Если я не ночую дома, завернувшись в лошадиные попоны, то, когда я возвращаюсь утром, он говорит мне: «Так, значит, вы еще живы? А я-то думал, что вы уже умерли». И хотя он знает, что у меня ни гроша, он все время рассказывает мне о дешевых комнатах, которые можно снять поблизости. «Я не могу сейчас ничего снимать», – напоминаю я ему. Тогда, мигая, точно китаеза, он говорит бархатным голосом: «О, я забыл, что у вас нет денег, Енри… Но когда придет перевод, когда мисс Мона пришлет вам деньги, тогда мы вместе пойдем посмотреть эти комнаты, да?» И тут же добавляет, что я могу оставаться у него сколько хочу – «шесть месяцев, семь, Енри. Мне очень удобно, когда вы здесь».

Нанантати – один из тех индусов, для которых я никогда ничего не делал в Америке. Он рассказывал мне, что он богатый купец, торговец жемчугом, что у него «роскошная квартира» в Париже на улице Лафайета, вилла в Бомбее и бунгало в Дарджилинге. Я сразу же понял, что он – идиот, но идиоты часто обладают талантом наживать состояния. Я не знал, что он оплатил свой гостиничный счет в Нью-Йорке парой крупных жемчужин.

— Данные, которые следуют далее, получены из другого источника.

lemma one_plus_X_power_dvd_binom_genfun:
  assumes "degree R \<le> d" "d \<le> N"
  shows "[:1, 1:] ^ (N - d) dvd binom_genfun N R"
  unfolding binom_genfun_def
proof (intro dvd_sum dvd_smult)
  fix j
  assume "j \<in> {..degree R}"
  then have "j \<le> d"
    using assms by auto
  have "[:-(-1), 1:] ^ (N - j) dvd (euler_op ^^ j) ([:-(-1), 1:] ^ N * (1 :: real poly))"
    by (rule linear_power_dvd_euler_op_iter) (use \<open>j \<le> d\<close> assms in auto)
  moreover have "[:1::real, 1:] ^ (N - d) dvd [:1, 1:] ^ (N - j)"
    by (rule le_imp_power_dvd) (use \<open>j \<le> d\<close> in auto)
  ultimately show "[:1, 1:] ^ (N - d) dvd (euler_op ^^ j) ([:1::real, 1:] ^ N)"
    by (auto intro: dvd_trans)
qed

definition odds :: "real \<Rightarrow> real" where
  "odds q = q / (1 - q)"

lemma inj_on_odds: "inj_on odds (-{1})"
proof (rule inj_onI)
  fix q r
  assume "q \<in> -{1}" "r \<in> -{1}" "odds q = odds r"
  then have "q * (1 - r) = r * (1 - q)"
    by (simp add: odds_def frac_eq_eq)
  then show "q = r"
    by (simp add: algebra_simps)
qed

lemma kravchuk_moment_eq_binom_genfun:
  assumes "q < 1"
  shows "(\<Sum>k=0..N. real k ^ j * poly R (real k) * kravchuk_weight N q k)
       = (1 - q) ^ N * poly ((euler_op ^^ j) (binom_genfun N R)) (odds q)"
proof -
  have "(1 - q) ^ N * poly ((euler_op ^^ j) (binom_genfun N R)) (odds q)
     = (\<Sum>k\<le>N. (1 - q) ^ N * (real k ^ j * (poly R (real k) * real (N choose k))) * odds q ^ k)"
    by (simp add: poly_eq_sum_atMost[OF degree_euler_op_iter_binom_genfun] coeff_euler_op_iter
        coeff_binom_genfun sum_distrib_left mult.assoc)
  also have "\<dots> = (\<Sum>k=0..N. real k ^ j * poly R (real k) * kravchuk_weight N q k)"
    unfolding atLeast0AtMost
  proof (rule sum.cong[OF refl])
    fix k
    assume "k \<in> {..N}"
    then have "(1 - q) ^ N = (1 - q) ^ k * (1 - q) ^ (N - k)"
      by (simp flip: power_add)
    moreover have "(1 - q) ^ k * odds q ^ k = q ^ k"
      using assms by (simp add: odds_def flip: power_mult_distrib)
    ultimately show "(1 - q) ^ N * (real k ^ j * (poly R (real k) * real (N choose k))) * odds q ^ k
        = real k ^ j * poly R (real k) * kravchuk_weight N q k"
      unfolding kravchuk_weight_def by (simp add: algebra_simps)
  qed
  finally show ?thesis
    by simp
qed

section \<open>Uniqueness of the type II polynomial\<close>

lemma prod_linear_powers_mult_dvd:
  fixes a :: "nat \<Rightarrow> 'a::idom"
  assumes "inj_on a {..<p}" "\<And>i. i < p \<Longrightarrow> a i \<noteq> b"
    and "\<And>i. i < p \<Longrightarrow> [:-a i, 1:] ^ n i dvd G"
    and "[:-b, 1:] ^ m dvd G" and "G \<noteq> 0"
  shows "(\<Prod>i<p. [:-a i, 1:] ^ n i) * [:-b, 1:] ^ m dvd G"
proof -
  have "(\<Prod>i<q. [:-a i, 1:] ^ n i) * [:-b, 1:] ^ m dvd G" if "q \<le> p" for q
    using that
  proof (induction q)
    case 0
    then show ?case
      using assms(4) by simp
  next
    case (Suc q)
    define D where "D = (\<Prod>i<q. [:-a i, 1:] ^ n i) * [:-b, 1:] ^ m"
    obtain H where H: "G = D * H"
      using Suc by (auto simp: D_def elim: dvdE)
    have "q < p"
      using Suc.prems by simp
    have "a q \<noteq> a i" if "i < q" for i
      using inj_onD[OF assms(1), of q i] that \<open>q < p\<close> by auto
    then have "poly D (a q) \<noteq> 0"
      using assms(2) \<open>q < p\<close> by (auto simp: D_def poly_prod)
    then have "order (a q) D = 0"
      by (rule order_0I)
    have "n q \<le> order (a q) G"
      using assms(3)[OF \<open>q < p\<close>] assms(5) by (simp add: order_divides)
    also have "order (a q) G = order (a q) D + order (a q) H"
      using H assms(5) by (simp add: order_mult)
    finally have "[:-a q, 1:] ^ n q dvd H"
      using \<open>order (a q) D = 0\<close> by (simp add: order_divides)
    then show ?case
      using H by (simp add: D_def algebra_simps)
  qed
  then show ?thesis
    by simp
qed

lemma binom_genfun_eq_0_if_orthogonal:
  fixes pr :: "nat \<Rightarrow> real"
  assumes pr: "\<forall>i<p. 0 < pr i \<and> pr i < 1" and inj: "inj_on pr {..<p}"
    and deg: "degree R < (\<Sum>i<p. n i)" and nN: "(\<Sum>i<p. n i) \<le> N"
    and ortho: "\<forall>i<p. \<forall>j<n i. (\<Sum>k=0..N. real k ^ j * poly R (real k) * kravchuk_weight N (pr i) k) = 0"
  shows "binom_genfun N R = 0"
proof (rule ccontr)
  define G where "G = binom_genfun N R"
  define a where "a i = odds (pr i)" for i
  assume "binom_genfun N R \<noteq> 0"
  then have "G \<noteq> 0"
    by (simp add: G_def)
  have pos: "a i > 0" if "i < p" for i
    using pr that by (auto simp: a_def odds_def)
  have "inj_on a {..<p}"
    unfolding a_def using pr by (intro comp_inj_on[OF inj, unfolded o_def] inj_on_subset[OF inj_on_odds]) auto
  moreover have "[:-a i, 1:] ^ n i dvd G" if "i < p" for i
  proof (rule linear_power_dvd_if_poly_euler_op_iter_eq_0)
    show "a i \<noteq> 0"
      using pos[OF that] by simp
    fix j
    assume "j < n i"
    then have "(1 - pr i) ^ N * poly ((euler_op ^^ j) G) (a i) = 0"
      using ortho pr that by (simp add: G_def a_def flip: kravchuk_moment_eq_binom_genfun)
    then show "poly ((euler_op ^^ j) G) (a i) = 0"
      using pr that by auto
  qed
  moreover have "[:-(-1), 1:] ^ (N - degree R) dvd G"
    using one_plus_X_power_dvd_binom_genfun[of R "degree R" N] deg nN by (simp add: G_def)
  ultimately have "(\<Prod>i<p. [:-a i, 1:] ^ n i) * [:-(-1), 1:] ^ (N - degree R) dvd G"
    using pos \<open>G \<noteq> 0\<close> by (intro prod_linear_powers_mult_dvd; force)
  then have "degree ((\<Prod>i<p. [:-a i, 1:] ^ n i) * [:-(-1), 1:] ^ (N - degree R)) \<le> degree G"
    using \<open>G \<noteq> 0\<close> by (rule dvd_imp_degree_le)
  moreover have "degree ((\<Prod>i<p. [:-a i, 1:] ^ n i) * [:-(-1), 1:] ^ (N - degree R))
      = (\<Sum>i<p. n i) + (N - degree R)"
    by (simp add: degree_mult_eq degree_prod_eq_sum_degree degree_linear_power)
  moreover have "degree G \<le> N"
    using degree_euler_op_iter_binom_genfun[of 0 N R] by (simp add: G_def)
  ultimately show False
    using deg nN by linarith
qed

Забавно вспоминать, как эта толстенькая переваливающаяся с боку на бок утка расхаживала с черной тростью в холле шикарного отеля, помыкая прислугой, заказывая завтраки для себя и своих гостей, билеты в театры и такси на целый день; при этом в кармане у него не было ни гроша. Только жемчужное ожерелье на шее, с которого он по мере надобности снимал одну жемчужину за другой. А как он похлопывал меня по плечу, благодаря за помощь молодым индусам, и говорил: «Они умные ребята, Енри… очень умные!» А его утверждения, что какой-то индусский бог наградит меня за мою доброту! Теперь-то я понимаю, почему эти «умные ребята» только посмеивались, когда я советовал им занять пятерку у Нанантати.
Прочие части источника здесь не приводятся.